There’s no moral here, unless it’s one of love.

Flailing

February 14, 2007

Hey all, another long stint between posts. Now that I’ve got this monthly gig on memultisports.com I find I post less often here, as there’s a bit of overlap. Visitors of this and that site will find that old Addiction piece, spiffed up a bit with some help from David Foster Wallace. Next month you’ll get to hear me tell triathletes how to race in a criterium. Yikes.

But enough of me, let’s talk about me. Headed off to swim practice last night and Hank, our coach, says we’re going to do some sculling. Now I’ve seen people sculling before, moving about the pool like crawfish, their heads above the surface and a kickboard under their hips, hands stirring the water. I’ve never done it (in the same way that, once, I didn’t focus on using my hip flexors or shortening my stride, while running; it was easier to rely on my engine to haul along the inefficient parts of my body), choosing to focus on longer yards to make myself faster.

So we started sculling, lying on our stomachs and kicking lightly (your legs sink, otherwise). You reach far out in front of you, putting your hands right at the point where, while swimming normally, you catch the water. Keeping your hands out there, you move your arms out and then back in, swiveling your hands to present the pulling (palm) side first out and then towards the center. By slightly angling the pulling surface (towards the back), you can move forward. I don’t think this even sounds easy, so I won’t ask you if it does. In practice, it’s even harder. I’ve grown accustomed, at practice, to leading the fast lane for every set. After this first attempt I was demoted a lane and sent to the back. Hank called me a dunce. The truth is, I barely moved down the lane, resorting, at one point, to gently pushing off the bottom when I thought no one was looking. We moved through two more sculls, one a deep water scull where your hands are still in front of your shoulders but at the point where, in your normal stroke, you’d really start exerting force on the water. Standing up, you sort of look like you would if you hung your arms over a mailbox. This one was easier for me, but I noticed my left arm started getting tired quickly. The last scull mimics the finish of your stroke, where your hand brushes past your thigh on the way out of the water. This one was pretty good too, although the left arm continued to hurt.

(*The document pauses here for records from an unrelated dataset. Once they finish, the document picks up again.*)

(* Let $k\ge2$ be an integer, $0\le\alpha\le1$, $N\ge2$, $X\ge1$, and let $a_1,\dots,a_N$ be complex numbers. Writing $e(x)=e^{2\pi ix}$, \[ \int_X^{2X}x^\alpha\Big|\sum_{1\le n\le N}a_n\,e(k\sqrt[k]{nx})\Big|^2dx=\sum_{1\le n\le N}|a_n|^2\cdot\Big(\frac{2^{1+\alpha}-1}{1+\alpha}X^{1+\alpha}+O\big(X^{1+\alpha-\frac1k}N^{1-\frac1k}\log N\big)\Big). \]
   Context: The implied constant may depend on $k$ and $\alpha$ but not on $X$, $N$ or the $a_n$. *)

theory Defs
  imports "HOL-Analysis.Analysis"
begin

definition e :: "real \<Rightarrow> complex" where
  "e x = exp (2 * pi * \<i> * complex_of_real x)"

end

theory Submission
  imports Defs
begin

text \<open>
  Expanding the square gives a double sum over m, n of a_m cnj(a_n) times the integral of
  x^\<alpha> e((c_m - c_n) x^(1/k)), where c_n = k n^(1/k). The diagonal yields the main term.
  Off the diagonal, one integration by parts bounds the integral by O(k X^(1+\<alpha>-1/k) / |c_m - c_n|).
  After 2|a_m a_n| \<le> |a_m|^2 + |a_n|^2 it remains to bound \<Sum>_{n\<noteq>m} 1/|c_m - c_n|; the mean value
  estimate |m - n| \<le> N^(1-1/k) |c_m - c_n| reduces this to a harmonic sum, which is O(log N).
\<close>

lemma has_vector_derivative_e:
  assumes "(g has_real_derivative g') (at x)"
  shows "((\<lambda>x. e (g x)) has_vector_derivative e (g x) * (2 * pi * \<i> * of_real g')) (at x)"
proof -
  have "((\<lambda>x. 2 * pi * \<i> * complex_of_real (g x)) has_vector_derivative 2 * pi * \<i> * of_real g') (at x)"
    by (intro derivative_eq_intros) (use assms in auto)
  from field_vector_diff_chain_at[OF this DERIV_exp]
  show ?thesis by (simp add: e_def o_def mult.commute)
qed

lemma norm_e [simp]: "norm (e a) = 1"
  unfolding e_def by (simp add: norm_exp_eq_Re)

lemma continuous_on_e [continuous_intros]: "continuous_on S g \<Longrightarrow> continuous_on S (\<lambda>x. e (g x))"
  unfolding e_def by (intro continuous_intros)

lemma e_0 [simp]: "e 0 = 1"
  by (simp add: e_def)

lemma e_mult_cnj: "e a * cnj (e b) = e (a - b)"
  unfolding e_def by (simp add: exp_cnj exp_add[symmetric] algebra_simps)
(* Let $G$ be a finitely generated, residually finite group and $H<G$ a subgroup of finite index. If every finite quotient of $H$ is also a quotient of $G$, then there is a continuous surjection $\widehat{G}\twoheadrightarrow\widehat{H}$ with finite kernel.
   Context: $\widehat{G}$ denotes the profinite completion of $G$, i.e. the inverse limit of the finite quotients of $G$. *)

theory Defs
  imports "HOL-Algebra.Algebra" "HOL-Analysis.Function_Topology"
begin

definition fin_generated :: "('a, 'b) monoid_scheme \<Rightarrow> bool" where
  "fin_generated G \<longleftrightarrow> (\<exists>S. finite S \<and> S \<subseteq> carrier G \<and> generate G S = carrier G)"

definition fin_index_normals :: "('a, 'b) monoid_scheme \<Rightarrow> 'a set set" where
  "fin_index_normals G = {N. N \<lhd> G \<and> finite (rcosets\<^bsub>G\<^esub> N)}"

definition residually_finite :: "('a, 'b) monoid_scheme \<Rightarrow> bool" where
  "residually_finite G \<longleftrightarrow>
     (\<forall>g\<in>carrier G. g \<noteq> \<one>\<^bsub>G\<^esub> \<longrightarrow> (\<exists>N\<in>fin_index_normals G. g \<notin> N))"
(* For every NBA $\mathcal A$, the relation $P(\subseteq^{\mathrm{bw\text{-}di}},\sqsubset^{\mathrm{di}})$ is good for pruning, i.e. $\mathcal L(\mathrm{Prune}(\mathcal A,P(\subseteq^{\mathrm{bw\text{-}di}},\sqsubset^{\mathrm{di}})))=\mathcal L(\mathcal A)$.
   Context: An NBA is $\mathcal A=(\Sigma,Q,I,F,\delta)$, $\delta\subseteq Q\times\Sigma\times Q$, assumed forward and backward complete; initial traces start in $I$, fair traces are infinite and visit $F$ infinitely often; the language is the set of infinite words with an initial fair trace. Direct simulation $\sqsubseteq^{\mathrm{di}}$: in the game from $(p_0,q_0)$, at round $i$ from $(p_i,q_i)$ Spoiler picks $p_i\xrightarrow{\sigma_i}p_{i+1}$ and Duplicator answers $q_i\xrightarrow{\sigma_i}q_{i+1}$; Duplicator wins the infinite play if $p_i\in F\Rightarrow q_i\in F$ for all $i$; $p\sqsubseteq^{\mathrm{di}}q$ iff Duplicator has a winning strategy from $(p,q)$; $\sqsubset^{\mathrm{di}}$ is its strict part. Backward direct trace inclusion: $p\subseteq^{\mathrm{bw\text{-}di}}q$ iff for every finite word $\sigma_0\cdots\sigma_{m-1}$ and every initial finite trace $p_0\xrightarrow{\sigma_0}\cdots\xrightarrow{\sigma_{m-1}}p_m=p$ there is an initial finite trace $q_0\xrightarrow{\sigma_0}\cdots\xrightarrow{\sigma_{m-1}}q_m=q$ with $p_i\in F\Rightarrow q_i\in F$ for $0\le i\le m$. $\mathrm{Prune}(\mathcal A,P)$ has transition set $\{t\in\delta:\nexists t'\in\delta,(t,t')\in P\}$; $P(R_b,R_f)=\{((p,\sigma,r),(p',\sigma,r'))\in\delta\times\delta:p\,R_b\,p',\ r\,R_f\,r'\}$. *)

theory Defs
  imports Main
begin

record ('s, 'q) nba =
  alph  :: "'s set"
  states :: "'q set"
  init  :: "'q set"
  acc   :: "'q set"
  trans :: "('q \<times> 's \<times> 'q) set"

definition well_formed_nba :: "('s, 'q) nba \<Rightarrow> bool" where
  "well_formed_nba A \<longleftrightarrow> finite (alph A) \<and> finite (states A) \<and>
     init A \<subseteq> states A \<and> acc A \<subseteq> states A \<and>
     trans A \<subseteq> states A \<times> alph A \<times> states A"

Then we tried them one-arm-at-at-time, and I got to remember what learning to swim felt like: flailing desperately in a dangerous, alien environment, one that I could hold onto as well as the open air. My left arm, when I tired to scull with it, moved oddly back and forth, thrashing the water. Have you ever tried writing your name with your non-dominant hand? It looks like all those signatures on the portraits your mom used to hang on the fridge, when you were little. This is what I looked like in the water: a five year-old, and a big one that likes to sink, at that.

When we went back to swimming normally, I could feel the water (with both hands) as more of a medium I could grab, something on which to pull. But the left arm thing wasn’t going away, if anything, it was getting worse.

“Hank,” I asked. “Is it possible I’ve been swimming with only one arm for years? My left arm is getting really tired.”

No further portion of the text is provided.